After work morphed and I moved on, the YMCA took over as number one. I spent two hours there daily, sweating and talking. Over time, the social aspect became more important than the exercise. Now and then, a Y connection spilled over into the larger community. To show how special the YMCA was, one day as I walked through a room of weight machines, I asked a friend, “Who do you think is the greatest short story writer?” Within minutes, four people joined our conversation, offering suggestions or putting parameters on the question. Into the locker room and sauna people carried and reintroduced my question. By week’s end, dozens had engaged in considering the question. People at the YMCA loved conversation.
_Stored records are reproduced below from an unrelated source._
(* Setting: $n$ agents on a connected, undirected weighted graph with Laplacian $L_n$; $L=L_n\otimes I_m$. For each $i$, $\Omega_i\subset\mathbb R^{q_i}$ is closed and convex, $f^i$ is strictly convex on an open set containing $\Omega_i$, $W_i\in\mathbb R^{m\times q_i}$, $d_i\in\mathbb R^m$ with $\sum_id_i=d_0$; $\Omega=\prod_i\Omega_i$, $f(x)=\sum_if^i(x_i)$, $W=[W_1,\dots,W_n]$, $\overline W=\mathrm{diag}\{W_1,\dots,W_n\}$, $d=[d_1^{\rm T},\dots,d_n^{\rm T}]^{\rm T}$; Slater's condition holds (some $x$ in the interior of $\Omega$ has $Wx=d_0$). Let $(x^*,\lambda^*,z^* )\in\Omega\times\mathbb R^{nm}\times\mathbb R^{nm}$ be an equilibrium of the DDFA inclusion, i.e. there is $g\in\partial f(x^* )$ with $P_\Omega[x^*-g+\overline W^{\rm T}\lambda^*]=x^*$, $d-\overline Wx^*-Lz^*=0$, $L\lambda^*=0$. Define $$V(x,\lambda,z)=f(x)-f(x^* )+(\lambda^* )^{\rm T}(d-\overline Wx)+\tfrac12\|x-x^*\|^2+\tfrac12\|\lambda-\lambda^*\|^2+\tfrac12\|z-z^*\|^2.$$ Then on $\Omega\times\mathbb R^{nm}\times\mathbb R^{nm}$, $V$ is positive definite: $V\ge0$, $V(x,\lambda,z)=0$ if and only if $(x,\lambda,z)=(x^*,\lambda^*,z^* )$, and $V(x,\lambda,z)\to\infty$ as $\|(x,\lambda,z)\|\to\infty$.
   Context: $\partial f$ is the convex subdifferential; $P_\Omega$ the Euclidean projection onto $\Omega$. *)

theory Defs
  imports "HOL-Analysis.Analysis"
begin

definition strict_convex_on :: "'a::real_vector set \<Rightarrow> ('a \<Rightarrow> real) \<Rightarrow> bool" where
  "strict_convex_on S f \<longleftrightarrow> convex S \<and>
     (\<forall>x\<in>S. \<forall>y\<in>S. x \<noteq> y \<longrightarrow> (\<forall>u::real. 0 < u \<and> u < 1 \<longrightarrow>
        f ((1 - u) *\<^sub>R x + u *\<^sub>R y) < (1 - u) * f x + u * f y))"

definition subdifferential :: "('a::real_inner \<Rightarrow> real) \<Rightarrow> 'a set \<Rightarrow> 'a \<Rightarrow> 'a set" where
  "subdifferential f D x = {g. \<forall>y\<in>D. f y \<ge> f x + inner g (y - x)}"

text \<open>Stacked decision vectors live in real^'N; coordinate p belongs to agent blk p.
  The block space of agent i (a copy of R^(q_i)) and the block projection x |-> x_i.\<close>
definition blockspace :: "('N::finite \<Rightarrow> 'n) \<Rightarrow> 'n \<Rightarrow> (real^'N) set" where
  "blockspace blk i = {v. \<forall>p. blk p \<noteq> i \<longrightarrow> v $ p = 0}"

definition blockproj :: "('N::finite \<Rightarrow> 'n) \<Rightarrow> 'n \<Rightarrow> real^'N \<Rightarrow> real^'N" where
  "blockproj blk i x = (\<chi> p. if blk p = i then x $ p else 0)"

definition connected_weighted_graph :: "('n::finite \<Rightarrow> 'n \<Rightarrow> real) \<Rightarrow> bool" where
  "connected_weighted_graph a \<longleftrightarrow>
     (\<forall>i j. a i j = a j i) \<and> (\<forall>i j. a i j \<ge> 0) \<and> (\<forall>i. a i i = 0) \<and>
     (\<forall>i j. (\<lambda>u v. a u v > 0)\<^sup>*\<^sup>* i j)"

definition graph_laplacian :: "('n::finite \<Rightarrow> 'n \<Rightarrow> real) \<Rightarrow> real^'n^'n" where
  "graph_laplacian a = (\<chi> i j. (if i = j then (\<Sum>k\<in>UNIV. a i k) else 0) - a i j)"

text \<open>Kronecker product  Lap \<otimes> I_m  acting on R^(nm), indexed by pairs (agent, component).\<close>
definition kron_id :: "real^'n^'n \<Rightarrow> real^('n::finite \<times> 'm::finite)^('n \<times> 'm)" where
  "kron_id Lap = (\<chi> p q. Lap $ fst p $ fst q * (if snd p = snd q then 1 else 0))"

text \<open>Block-diagonal matrix diag{W_1,...,W_n}: W i k p is entry (k,p) of W_i (only p with blk p = i used).\<close>
definition Wbar :: "('N::finite \<Rightarrow> 'n::finite) \<Rightarrow> ('n \<Rightarrow> 'm::finite \<Rightarrow> 'N \<Rightarrow> real)
                    \<Rightarrow> real^'N^('n \<times> 'm)" where
  "Wbar blk W = (\<chi> r p. if blk p = fst r then W (fst r) (snd r) p else 0)"

definition Wrow :: "('N::finite \<Rightarrow> 'n::finite) \<Rightarrow> ('n \<Rightarrow> 'm::finite \<Rightarrow> 'N \<Rightarrow> real)
                    \<Rightarrow> real^'N \<Rightarrow> real^'m" where
  "Wrow blk W x = (\<chi> k. \<Sum>p\<in>UNIV. W (blk p) k p * x $ p)"

definition dsum :: "real^('n::finite \<times> 'm::finite) \<Rightarrow> real^'m" where
  "dsum d = (\<chi> k. \<Sum>i\<in>UNIV. d $ (i, k))"

end

theory Submission
  imports Defs
begin

text \<open>
  The projection equation for \<open>x\<^sup>*\<close> is a variational inequality; combined with the
  subgradient inequality it shows that \<open>f x - f x\<^sup>* - \<langle>\<overline>W\<^sup>T\<lambda>\<^sup>*, x - x\<^sup>*\<rangle> \<ge> 0\<close> on \<open>\<Omega>\<close>.
  Since \<open>L\<close> is symmetric and \<open>L\<lambda>\<^sup>* = 0\<close>, the second equilibrium equation gives
  \<open>\<langle>\<lambda>\<^sup>*, d - \<overline>W x\<^sup>*\<rangle> = \<langle>L\<lambda>\<^sup>*, z\<^sup>*\<rangle> = 0\<close>, so the first three terms of \<open>V\<close> form exactly
  that nonnegative gap. Hence \<open>V\<close> dominates half the squared distance to the equilibrium,
  which yields all three claims.
\<close>

lemma linear_blockproj: "linear (blockproj blk i)"
  by (auto simp: linear_iff blockproj_def vec_eq_iff)

lemma closed_blockwise:
  assumes "\<And>i. closed (Om i)"
  shows "closed {x. \<forall>i. blockproj blk i x \<in> Om i}"
proof -
  have "{x. \<forall>i. blockproj blk i x \<in> Om i} = (\<Inter>i. blockproj blk i -` Om i)" by auto
  moreover have "continuous_on UNIV (blockproj blk i)" for i
    by (simp add: linear_blockproj linear_continuous_on linear_linear)
  ultimately show ?thesis
    using assms by (metis (no_types, lifting) closed_INT closed_vimage)
qed

lemma convex_blockwise:
  assumes "\<And>i. convex (Om i)"
  shows "convex {x. \<forall>i. blockproj blk i x \<in> Om i}"
proof -
  have "{x. \<forall>i. blockproj blk i x \<in> Om i} = (\<Inter>i. blockproj blk i -` Om i)" by auto
  then show ?thesis
    using assms by (simp add: convex_INT convex_linear_vimage linear_blockproj)
qed

lemma transpose_kron_id_graph_laplacian:
  assumes "\<And>i j. a i j = a j i"
  shows "transpose (kron_id (graph_laplacian a)) = kron_id (graph_laplacian a)"
  using assms unfolding kron_id_def graph_laplacian_def transpose_def
  by (auto simp: vec_eq_iff intro!: sum.cong)

lemma inner_symmetric_matrix_kernel:
  fixes L :: "real^'n^'n"
  assumes "transpose L = L" and "L *v u = 0"
  shows "inner u (L *v v) = 0"
proof -
  have "inner u (L *v v) = inner (transpose L *v u) v"
    by (simp add: dot_lmul_matrix)
  with assms show ?thesis by simp
qed

lemma projected_subgradient_optimality:
  assumes "convex S" and "closed S" and "S \<subseteq> D" and "x \<in> S"
    and "g \<in> subdifferential f D xs"
    and "closest_point S (xs - g + h) = xs"
  shows "f xs + inner h (x - xs) \<le> f x"
proof -
  have "inner (xs - g + h - xs) (x - xs) \<le> 0"
    using closest_point_dot[OF assms(1,2,4), of "xs - g + h"] assms(6) by simp
  then have "inner h (x - xs) \<le> inner g (x - xs)"
    by (simp add: inner_diff_left)
  moreover have "f xs + inner g (x - xs) \<le> f x"
    using assms(3-5) unfolding subdifferential_def by blast
  ultimately show ?thesis by linarith
qed

lemma positive_definite_radially_unbounded:
  fixes F :: "'a::real_normed_vector \<Rightarrow> real"
  assumes "\<And>p. p \<in> S \<Longrightarrow> c * (norm (p - p0))\<^sup>2 \<le> F p"
    and "c > 0" and "F p0 = 0"
  shows "(\<forall>p\<in>S. 0 \<le> F p) \<and> (\<forall>p\<in>S. F p = 0 \<longleftrightarrow> p = p0)
       \<and> (\<forall>B. \<exists>R. \<forall>p\<in>S. R \<le> norm p \<longrightarrow> B \<le> F p)"
proof (intro conjI allI ballI)
  fix p assume "p \<in> S"
  then show "0 \<le> F p"
    using assms(1,2) by (meson order_trans mult_nonneg_nonneg less_imp_le zero_le_power2)
  show "F p = 0 \<longleftrightarrow> p = p0"
    using assms(1)[OF \<open>p \<in> S\<close>] assms(2,3)
    by (auto simp: mult_le_0_iff)
next
  fix B
  define r where "r = sqrt (\<bar>B\<bar> / c)"
  show "\<exists>R. \<forall>p\<in>S. R \<le> norm p \<longrightarrow> B \<le> F p"
  proof (intro exI ballI impI)
    fix p assume "p \<in> S" and "norm p0 + r \<le> norm p"
    then have "r \<le> norm (p - p0)"
      using norm_triangle_ineq2[of p p0] by linarith
    moreover have "0 \<le> \<bar>B\<bar> / c" "0 \<le> r"
      using assms(2) by (simp_all add: r_def)
    ultimately have "\<bar>B\<bar> / c \<le> (norm (p - p0))\<^sup>2"
      using assms(2) power_mono[of r "norm (p - p0)" 2] by (simp add: r_def)
    then have "\<bar>B\<bar> \<le> c * (norm (p - p0))\<^sup>2"
      using assms(2) by (simp add: divide_le_eq mult.commute)
    then show "B \<le> F p"
      using assms(1)[OF \<open>p \<in> S\<close>] by linarith
  qed
qed

theorem lemma7:
  fixes a :: "'n::finite \<Rightarrow> 'n \<Rightarrow> real"
    and blk :: "'N::finite \<Rightarrow> 'n"
    and Om :: "'n \<Rightarrow> (real^'N) set"
    and U :: "'n \<Rightarrow> (real^'N) set"
    and fi :: "'n \<Rightarrow> real^'N \<Rightarrow> real"
    and W :: "'n \<Rightarrow> 'm::finite \<Rightarrow> 'N \<Rightarrow> real"
    and d :: "real^('n \<times> 'm)"
    and d0 :: "real^'m"
    and Omega D :: "(real^'N) set"
    and f :: "real^'N \<Rightarrow> real"
    and L :: "real^('n \<times> 'm)^('n \<times> 'm)"
    and xs x g :: "real^'N"
    and lams zs lam z :: "real^('n \<times> 'm)"
    and V :: "real^'N \<Rightarrow> real^('n \<times> 'm) \<Rightarrow> real^('n \<times> 'm) \<Rightarrow> real"
  assumes graph: "connected_weighted_graph a"
    and L_def: "L = kron_id (graph_laplacian a)"
    and blk_surj: "surj blk"
    and Om_sub: "\<And>i. Om i \<subseteq> blockspace blk i"
    and Om_closed: "\<And>i. closed (Om i)"
    and Om_convex: "\<And>i. convex (Om i)"
    and U_open: "\<And>i. openin (top_of_set (blockspace blk i)) (U i)"
    and U_sup: "\<And>i. Om i \<subseteq> U i"
    and fi_strict: "\<And>i. strict_convex_on (U i) (fi i)"
    and d0_def: "d0 = dsum d"
    and Omega_def: "Omega = {x. \<forall>i. blockproj blk i x \<in> Om i}"
    and D_def: "D = {x. \<forall>i. blockproj blk i x \<in> U i}"
    and f_def: "\<And>x. f x = (\<Sum>i\<in>UNIV. fi i (blockproj blk i x))"
    and slater: "\<exists>x\<in>interior Omega. Wrow blk W x = d0"
    and xs_in: "xs \<in> Omega"
    and g_sub: "g \<in> subdifferential f D xs"
    and eq1: "closest_point Omega (xs - g + transpose (Wbar blk W) *v lams) = xs"
    and eq2: "d - Wbar blk W *v xs - L *v zs = 0"
    and eq3: "L *v lams = 0"
    and V_def: "\<And>x lam z. V x lam z = f x - f xs + inner lams (d - Wbar blk W *v x)
        + (1/2) * (norm (x - xs))\<^sup>2 + (1/2) * (norm (lam - lams))\<^sup>2 + (1/2) * (norm (z - zs))\<^sup>2"
  shows "(\<forall>x\<in>Omega. \<forall>lam z. V x lam z \<ge> 0)
       \<and> (\<forall>x\<in>Omega. \<forall>lam z. V x lam z = 0 \<longleftrightarrow> (x, lam, z) = (xs, lams, zs))
       \<and> (\<forall>B. \<exists>R. \<forall>x\<in>Omega. \<forall>lam z. norm (x, lam, z) \<ge> R \<longrightarrow> V x lam z \<ge> B)"
proof -
  let ?Wb = "Wbar blk W"
  have "transpose L = L"
    using graph transpose_kron_id_graph_laplacian
    unfolding L_def connected_weighted_graph_def by blast
  then have gap_xs: "inner lams (d - ?Wb *v xs) = 0"
    using eq2 eq3 inner_symmetric_matrix_kernel by (simp add: algebra_simps)
  have gap_nonneg: "0 \<le> f x - f xs + inner lams (d - ?Wb *v x)" if "x \<in> Omega" for x
  proof -
    have "f xs + inner (transpose ?Wb *v lams) (x - xs) \<le> f x"
      using projected_subgradient_optimality[OF _ _ _ that g_sub eq1] Om_closed Om_convex U_sup
      unfolding Omega_def D_def by (blast intro: closed_blockwise convex_blockwise)
    moreover have "inner lams (d - ?Wb *v x) = inner lams (d - ?Wb *v xs) - inner lams (?Wb *v (x - xs))"
      by (simp add: matrix_vector_mult_diff_distrib inner_diff_right)
    ultimately show ?thesis
      using gap_xs by (simp add: dot_lmul_matrix)
  qed
  let ?F = "\<lambda>(x, lam, z). V x lam z"
  have "(1/2) * (norm (p - (xs, lams, zs)))\<^sup>2 \<le> ?F p" if "p \<in> Omega \<times> UNIV \<times> UNIV" for p
    using that gap_nonneg[of "fst p"] V_def by (auto simp: norm_Pair)
  moreover have "?F (xs, lams, zs) = 0"
    using V_def gap_xs by simp
  ultimately have "(\<forall>p\<in>Omega \<times> UNIV \<times> UNIV. 0 \<le> ?F p)
      \<and> (\<forall>p\<in>Omega \<times> UNIV \<times> UNIV. ?F p = 0 \<longleftrightarrow> p = (xs, lams, zs))
      \<and> (\<forall>B. \<exists>R. \<forall>p\<in>Omega \<times> UNIV \<times> UNIV. R \<le> norm p \<longrightarrow> B \<le> ?F p)"
    by (intro positive_definite_radially_unbounded[where c = "1/2"]) auto
  then show ?thesis by fastforce
qed

end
Weeks before the COVID pandemic was declared, it was clear extraordinary efforts were made to sanitize the locker room and adjacent spaces. The chief janitor said, “Some really weird viruses are going around.” My wife and I began a self-imposed lockdown three weeks before pandemic was declared. I wondered how I’d survive without the YMCA’s social interaction. I feared my body would implode without access to a sauna to calm back and leg spasticity. By the time the pandemic was declared, I was starting to realize I didn’t need the sauna.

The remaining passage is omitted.